Sunday, March 30, 2003
Kermit the Frog once lamented, "It's not easy being green."
But Kansas University art students Jill Kleinhans and Bailey Kivett say they're ripe for the challenge.
On Saturday, the duo is opening Olive Gallery and Art Supply in downtown Lawrence. Since occupying the vacant space at 15 E. Eighth St., the business partners have painted three shades of green on the walls, furniture and facade -- the gallery's couch came ready from the thrift store with swirls of chartreuse, lime and celery -- and lined up the gallery's first exhibition: a show replete with olive-inspired art.
The environs aren't the only thing green.
Kleinhans and Kivett are both 22 and still in school; neither has run a business before.
"Things are coming along," Kleinhans said last week. "It's been a bumpy start, but we're rolling with the punches."
Besides, they're sure their business plan is foolproof.
The 1,000-square-foot Olive will showcase what Kleinhans and Kivett call "fresh" art, contemporary pieces that are a little edgier than work featured in most Lawrence galleries.
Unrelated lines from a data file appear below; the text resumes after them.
(* Averaging a feasible point y over each color, y \<mapsto> \<Pi>_Q \<Pi>_Q^Scaled y, keeps it feasible
   and does not increase the objective. At the average c the gradients of F and of each
   \<Sum>_{i\<in>S} G_i are constant on colors while y - c sums to zero on every color, so these
   gradients annihilate y - c and convexity gives F c \<le> F y and
   |S| G_i c = \<Sum>_{i\<in>S} G_i c \<le> \<Sum>_{i\<in>S} G_i y \<le> |S| b_i.
   Since \<Pi>_Q identifies the feasible points of the reduced program with the Q-constant
   feasible points of the original one, optimal solutions correspond. *)

lemma convex_on_has_derivative_above_tangent:
  fixes f :: "'a::real_normed_vector \<Rightarrow> real"
  assumes convex: "convex_on S f" and "c \<in> S" "y \<in> S"
    and deriv: "(f has_derivative D) (at c)"
  shows "D (y - c) \<le> f y - f c"
proof -
  define g where "g t = f (c + t *\<^sub>R (y - c))" for t :: real
  have "((\<lambda>t. c + t *\<^sub>R (y - c)) has_derivative (\<lambda>t. t *\<^sub>R (y - c))) (at 0)"
    by (auto intro!: derivative_eq_intros)
  then have "(g has_derivative (\<lambda>t. D (t *\<^sub>R (y - c)))) (at 0)"
    unfolding g_def using deriv
    by (intro has_derivative_compose[where f="\<lambda>t. c + t *\<^sub>R (y - c)" and g=f, simplified]) auto
  moreover have "D (t *\<^sub>R (y - c)) = t * D (y - c)" for t
    using has_derivative_linear[OF deriv] by (simp add: linear_scale)
  ultimately have "(g has_real_derivative D (y - c)) (at 0)"
    by (simp add: has_field_derivative_def mult_commute_abs)
  then have lim: "((\<lambda>t. (g t - g 0) / (t - 0)) \<longlongrightarrow> D (y - c)) (at_right 0)"
    using has_field_derivative_iff has_field_derivative_at_within by blast
  have "eventually (\<lambda>t. (g t - g 0) / (t - 0) \<le> f y - f c) (at_right 0)"
    using eventually_at_right_real[OF zero_less_one]
  proof eventually_elim
    fix t :: real assume t: "t \<in> {0<..<1}"
    have "g t = f ((1 - t) *\<^sub>R c + t *\<^sub>R y)"
      unfolding g_def by (simp add: algebra_simps)
    also have "\<dots> \<le> (1 - t) * f c + t * f y"
      using convex_onD[OF convex] t \<open>c \<in> S\<close> \<open>y \<in> S\<close> by auto
    finally have "g t - g 0 \<le> t * (f y - f c)"
      by (simp add: g_def algebra_simps)
    then show "(g t - g 0) / (t - 0) \<le> f y - f c"
      using t by (simp add: divide_le_eq mult.commute)
  qed
  then show ?thesis
    by (rule tendsto_upperbound[OF lim]) simp
qed
text \<open>By the orbit method, \<open>ch(exp x) = |\<Omega>|\<^sup>-\<^sup>1\<^sup>/\<^sup>2 \<Sum>\<^sub>\<psi>\<^sub>\<in>\<^sub>\<Omega> \<psi> x\<close> is a normalised sum of
  \<open>|\<Omega>|\<close> unimodular numbers (the orbit consists of one character twisted by the automorphisms
  \<open>Ad g\<close>), so it equals \<open>\<surd>|\<Omega>|\<close> exactly when every \<open>\<psi> x\<close> is 1. Hence \<open>\<Omega>\<close> is trivial on
  \<open>uu\<close> iff the character is constantly \<open>\<surd>|\<Omega>| = ch 1\<close> on \<open>U = exp uu\<close>. This clearly holds
  if \<open>\<tau>\<close> is trivial on \<open>U\<close>. Conversely, a smooth representation of a compact group has finite
  image, so summing the matrices of the finite group \<open>\<tau>(U)\<close> gives a map into the
  \<open>U\<close>-fixed vectors whose trace \<open>|\<tau>(U)| \<surd>|\<Omega>|\<close> is nonzero; the \<open>U\<close>-fixed space is therefore
  nonzero, and being \<open>P\<close>-stable (\<open>U\<close> is normal) it is everything by irreducibility.\<close>

lemma unimodular_sum_eq_card_iff:
  fixes f :: "'b \<Rightarrow> complex"
  assumes "finite A" and unimodular: "\<And>a. a \<in> A \<Longrightarrow> cmod (f a) = 1"
  shows "sum f A = of_nat (card A) \<longleftrightarrow> (\<forall>a\<in>A. f a = 1)"
proof
  assume sum_eq: "sum f A = of_nat (card A)"
  have Re_le: "0 \<le> 1 - Re (f a)" if "a \<in> A" for a
    using complex_Re_le_cmod[of "f a"] unimodular[OF that] by simp
  have Re_sum_eq: "(\<Sum>a\<in>A. Re (f a)) = (\<Sum>a\<in>A. 1)"
    using arg_cong[OF sum_eq, of Re] by simp
  have "(\<Sum>a\<in>A. 1 - Re (f a)) = (\<Sum>a\<in>A. 1) - (\<Sum>a\<in>A. Re (f a))"
    by (rule sum_subtractf)
  also have "\<dots> = 0"
    unfolding Re_sum_eq by (rule diff_self)
  finally have "(\<Sum>a\<in>A. 1 - Re (f a)) = 0" .
  then have Re_eq: "\<forall>a\<in>A. 1 - Re (f a) = 0"
    using sum_nonneg_eq_0_iff[OF assms(1), of "\<lambda>a. 1 - Re (f a)"] Re_le by simp
  show "\<forall>a\<in>A. f a = 1"
  proof
    fix a assume a: "a \<in> A"
    then have "Im (f a) = 0"
      using Im_eq_0[of "f a"] unimodular Re_eq by simp
    then show "f a = 1" using Re_eq a by (simp add: complex_eq_iff)
  qed
next
  assume "\<forall>a\<in>A. f a = 1"
  then have "sum f A = (\<Sum>a\<in>A. 1)" by (intro sum.cong) auto
  then show "sum f A = of_nat (card A)" by simp
qed
(* Let $x\in\mathbb{R}^N$, let $1\le T\le N$, $J\ge 1$, $\sigma>0$, and let $\Phi$ be the random filterbank with $J$ i.i.d. filters $w_1,\dots,w_J\sim\mathcal{N}(0,\sigma^2 I_T)$ of length $T$. Then $$\mathbb{E}\big[\|\Phi x\|^2\big]=JT\sigma^2\|x\|^2,\qquad \mathbb{V}\big[\|\Phi x\|^2\big]=2J\sigma^4\sum_{\tau=-T}^{T}\big(T-|\tau|\big)R_{xx}(\tau)^2 .$$
   Context: For $x\in\mathbb{R}^N$ and $w\in\mathbb{R}^T$ with $T\le N$, the circular convolution is $(x*w)[n]=\sum_{k=0}^{T-1}w[k]\,x[(n-k)\bmod N]$ for $0\le n<N$. The circular autocorrelation of $x$ is $R_{xx}(t)=\sum_{k=0}^{N-1}x[k]\,x[(k-t)\bmod N]$ for any integer $t$ (so $R_{xx}(-t)=R_{xx}(t)$ and $R_{xx}(0)=\|x\|^2$). A filterbank with filters $w_1,\dots,w_J\in\mathbb{R}^T$ is the linear map $\Phi:\mathbb{R}^N\to\mathbb{R}^{N\times J}$, $(\Phi x)[n,j]=(x*w_j)[n]$, and $\|\Phi x\|^2=\sum_{j=1}^J\|x*w_j\|^2$ (Euclidean norms). A random filterbank has i.i.d. Gaussian filters as specified. *)

theory Defs
  imports "HOL-Probability.Probability"
begin

text \<open>Signals in R^N are functions nat => real, only indices 0..N-1 matter.
  Filters in R^T are functions nat => real, only indices 0..T-1 matter.\<close>

definition circ_conv :: "nat \<Rightarrow> nat \<Rightarrow> (nat \<Rightarrow> real) \<Rightarrow> (nat \<Rightarrow> real) \<Rightarrow> nat \<Rightarrow> real" where
  "circ_conv N T x w n = (\<Sum>k<T. w k * x (nat ((int n - int k) mod int N)))"

definition sq_norm_vec :: "nat \<Rightarrow> (nat \<Rightarrow> real) \<Rightarrow> real" where
  "sq_norm_vec N x = (\<Sum>k<N. (x k)\<^sup>2)"

definition autocorr :: "nat \<Rightarrow> (nat \<Rightarrow> real) \<Rightarrow> int \<Rightarrow> real" where
  "autocorr N x t = (\<Sum>k<N. x k * x (nat ((int k - t) mod int N)))"

definition filterbank_sq_norm :: "nat \<Rightarrow> nat \<Rightarrow> nat \<Rightarrow> (nat \<Rightarrow> nat \<Rightarrow> real) \<Rightarrow> (nat \<Rightarrow> real) \<Rightarrow> real" where
  "filterbank_sq_norm N T J w x = (\<Sum>j<J. sq_norm_vec N (circ_conv N T x (w j)))"

text \<open>Law of the J*T i.i.d. N(0,sigma^2) filter coefficients: omega (j,k) = w_j[k].\<close>
definition gauss_filters :: "nat \<Rightarrow> nat \<Rightarrow> real \<Rightarrow> ((nat \<times> nat) \<Rightarrow> real) measure" where
  "gauss_filters J T \<sigma> = PiM ({..<J} \<times> {..<T}) (\<lambda>_. density lborel (normal_density 0 \<sigma>))"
Some of the work won't even be salable -- they hope to be a venue for the occasional performance art piece or video installation.
Kleinhans and Kivett expect sales of handmade consignment goods and art supplies to keep the gallery afloat. They'll stock all the items a college art student -- or any local artist -- might need and offer them 10 to 15 percent cheaper than Jayhawk Bookstore and Hobby Lobby. They'll be open until 10 p.m. every day.
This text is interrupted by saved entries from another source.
lemma eta_tiling_symmetry_iff:
  assumes "tiling_symmetry k \<sigma>"
  shows "\<eta> (\<sigma> v) = \<eta> (\<sigma> w) \<longleftrightarrow> \<eta> v = \<eta> w"
proof
  obtain \<sigma>' where "tiling_symmetry k \<sigma>'" "\<sigma>' \<circ> \<sigma> = id"
    using assms by (rule tiling_symmetry_inverse)
  then show "\<eta> (\<sigma> v) = \<eta> (\<sigma> w) \<Longrightarrow> \<eta> v = \<eta> w"
    using eta_cong[of \<sigma>' "\<sigma> v" "\<sigma> w"] by (simp add: pointfree_idE)
qed (rule eta_cong[OF assms])

text \<open>Here inv \<eta> chooses an arbitrary preimage; by eta_cong the value does not depend on
  the choice.\<close>

definition induced_map :: "(int \<times> int \<Rightarrow> int \<times> int) \<Rightarrow> 'v \<Rightarrow> 'v" where
  "induced_map \<sigma> x = \<eta> (\<sigma> (inv \<eta> x))"

lemma induced_map_eta:
  assumes "tiling_symmetry k \<sigma>"
  shows "induced_map \<sigma> (\<eta> v) = \<eta> (\<sigma> v)"
proof -
  have "\<eta> (inv \<eta> (\<eta> v)) = \<eta> v"
    by (simp add: f_inv_into_f)
  then show ?thesis
    unfolding induced_map_def by (rule eta_cong[OF assms])
qed

theorem induced_map_aut:
  assumes \<sigma>: "tiling_symmetry k \<sigma>"
  shows "map_aut VX EdX FcX (induced_map \<sigma>)"
proof -
  obtain \<sigma>' where \<sigma>': "tiling_symmetry k \<sigma>'" "\<sigma> \<circ> \<sigma>' = id"
    using \<sigma> by (rule tiling_symmetry_inverse)
  have "inj_on (induced_map \<sigma>) VX"
  proof (rule inj_onI)
    fix x y assume "x \<in> VX" "y \<in> VX" and eq: "induced_map \<sigma> x = induced_map \<sigma> y"
    then obtain v w where "x = \<eta> v" "y = \<eta> w"
      using range_eta by blast
    with eq show "x = y"
      by (simp add: induced_map_eta[OF \<sigma>] eta_tiling_symmetry_iff[OF \<sigma>])
  qed
  moreover have "induced_map \<sigma> ` VX = VX"
    unfolding range_eta[symmetric]
  proof (rule image_eq_of_inverse[where g = "induced_map \<sigma>'"])
    fix x assume "x \<in> range \<eta>"
    then obtain v where "x = \<eta> v" by blast
    then show "induced_map \<sigma> x \<in> range \<eta>" "induced_map \<sigma>' x \<in> range \<eta>"
      "induced_map \<sigma> (induced_map \<sigma>' x) = x"
      by (simp_all add: induced_map_eta \<sigma> \<sigma>'(1) pointfree_idE[OF \<sigma>'(2)])
  qed
  moreover have "(\<lambda>e. induced_map \<sigma> ` e) ` EdX = EdX"
  proof -
    have "(\<lambda>e. induced_map \<sigma> ` e) ` EdX = (\<lambda>e. \<eta> ` e) ` (\<lambda>e. \<sigma> ` e) ` KE k"
      by (simp add: EdX_eq image_image induced_map_eta[OF \<sigma>])
    also have "\<dots> = EdX"
      using tiling_symmetry_map_aut[OF \<sigma>] unfolding map_aut_def EdX_eq by simp
    finally show ?thesis .
  qed
  moreover have "(\<lambda>f. induced_map \<sigma> ` f) ` FcX = FcX"
  proof -
    have "(\<lambda>f. induced_map \<sigma> ` f) ` FcX = (\<lambda>f. \<eta> ` f) ` (\<lambda>f. \<sigma> ` f) ` KF k"
      by (simp add: FcX_eq image_image induced_map_eta[OF \<sigma>])
    also have "\<dots> = FcX"
      using tiling_symmetry_map_aut[OF \<sigma>] unfolding map_aut_def FcX_eq by simp
    finally show ?thesis .
  qed
  ultimately show ?thesis
    unfolding map_aut_def bij_betw_def by blast
qed

lemma on_triangle_eta: "on_triangle FcX (\<eta> v) \<longleftrightarrow> on_triangle (KF k) v"
proof
  assume "on_triangle FcX (\<eta> v)"
  then obtain t where "t \<in> KF k" "\<eta> v \<in> \<eta> ` t" "card (\<eta> ` t) = 3"
    unfolding on_triangle_def FcX_eq by blast
  then obtain w where "w \<in> t" "\<eta> w = \<eta> v" "card t = 3"
    using card_image[OF inj_on_face] by auto
  then have "on_triangle (KF k) w"
    using \<open>t \<in> KF k\<close> unfolding on_triangle_def by blast
  obtain \<gamma> where "\<gamma> \<in> \<Gamma>" "\<gamma> w = v"
    using eta_eq_iff \<open>\<eta> w = \<eta> v\<close> by blast
  then have "map_aut UNIV (KE k) (KF k) \<gamma>"
    using torus_groupD(1)[OF \<Gamma>] by blast
  with \<open>on_triangle (KF k) w\<close> show "on_triangle (KF k) v"
    using on_triangle_map_aut[of UNIV "KE k" "KF k" \<gamma> w] \<open>\<gamma> w = v\<close> by simp
next
  assume "on_triangle (KF k) v"
  then obtain t where "t \<in> KF k" "v \<in> t" "card t = 3"
    unfolding on_triangle_def by blast
  then have "\<eta> ` t \<in> FcX" "\<eta> v \<in> \<eta> ` t" "card (\<eta> ` t) = 3"
    using card_image[OF inj_on_face] FcX_eq by auto
  then show "on_triangle FcX (\<eta> v)"
    unfolding on_triangle_def by blast
qed

lemma aut_orbit_eq:
  assumes "k \<in> {2, 3}" and "x \<in> VX"
  shows "aut_orbit_rel VX EdX FcX `` {x} = {y \<in> VX. on_triangle FcX y \<longleftrightarrow> on_triangle FcX x}"
proof (intro equalityI subsetI)
  fix y assume "y \<in> aut_orbit_rel VX EdX FcX `` {x}"
  then obtain \<phi> where "map_aut VX EdX FcX \<phi>" "\<phi> x = y" "y \<in> VX"
    unfolding aut_orbit_rel_def by blast
  then show "y \<in> {y \<in> VX. on_triangle FcX y \<longleftrightarrow> on_triangle FcX x}"
    using on_triangle_map_aut[OF _ face_subset \<open>x \<in> VX\<close>] by blast
next
  fix y assume y: "y \<in> {y \<in> VX. on_triangle FcX y \<longleftrightarrow> on_triangle FcX x}"
  obtain v w where "x = \<eta> v" "y = \<eta> w"
    using range_eta \<open>x \<in> VX\<close> y by blast
  with y have "on_triangle (KF k) v \<longleftrightarrow> on_triangle (KF k) w"
    by (simp add: on_triangle_eta)
  with \<open>k \<in> {2, 3}\<close> obtain \<sigma> where "tiling_symmetry k \<sigma>" "\<sigma> v = w"
    by (rule tiling_symmetry_transitive)
  then have "map_aut VX EdX FcX (induced_map \<sigma>)" "induced_map \<sigma> x = y"
    using induced_map_aut induced_map_eta \<open>x = \<eta> v\<close> \<open>y = \<eta> w\<close> by simp_all
  then show "y \<in> aut_orbit_rel VX EdX FcX `` {x}"
    unfolding aut_orbit_rel_def using \<open>x \<in> VX\<close> y by blast
qed

end

theorem theorem1:
  fixes k :: nat and \<Gamma> :: "(int \<times> int \<Rightarrow> int \<times> int) set"
    and \<eta> :: "int \<times> int \<Rightarrow> 'v" and VX :: "'v set" and EdX FcX :: "'v set set"
  assumes "k \<in> {2, 3}"
    and "torus_group k \<Gamma>"
    and "quotient_map k \<Gamma> \<eta> VX EdX FcX"
  shows "card (VX // aut_orbit_rel VX EdX FcX) = 2"
proof -
  interpret torus_quotient k \<Gamma> \<eta> VX EdX FcX
    using assms by unfold_locales auto
  have "on_triangle FcX (\<eta> (0, int k))" "\<not> on_triangle FcX (\<eta> (0, 1))"
    using \<open>k \<in> {2, 3}\<close> by (auto simp: on_triangle_eta on_triangle_K_iff tri_layer_def)
  then show ?thesis
    using card_quotient_two_classes[OF aut_orbit_eq[OF \<open>k \<in> {2, 3}\<close>]] range_eta by blast
qed

end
"We wanted people to be able to buy art supplies whenever they need them," Kivett said. "And while you're buying your art supplies, you'll get a chance to see what's going on in the art world."
A different flavor
As art students at KU and instructors at the Lawrence Arts Center, Kleinhans and Kivett see firsthand what's going on the art world. But they hadn't seen a representative range of work displayed at Lawrence galleries.
Wanting to fill the "edgy" niche, they contacted a friend of Kivett's family, Halstead emergency room doctor and painter Gene Marsh, who decided their vision was a worthy one and agreed to fund the business.
"It's happened so fast," said Kleinhans, who studies painting and creative writing at KU. "One day we just decided that we need this here in Lawrence. We want to do it; we can. The next day we were calling places to look at locations. I believe we signed a lease like a week or two after we started looking.
"We really thought that we needed this kind of gallery. We're not completely separate (from the other galleries), but we are a different flavor."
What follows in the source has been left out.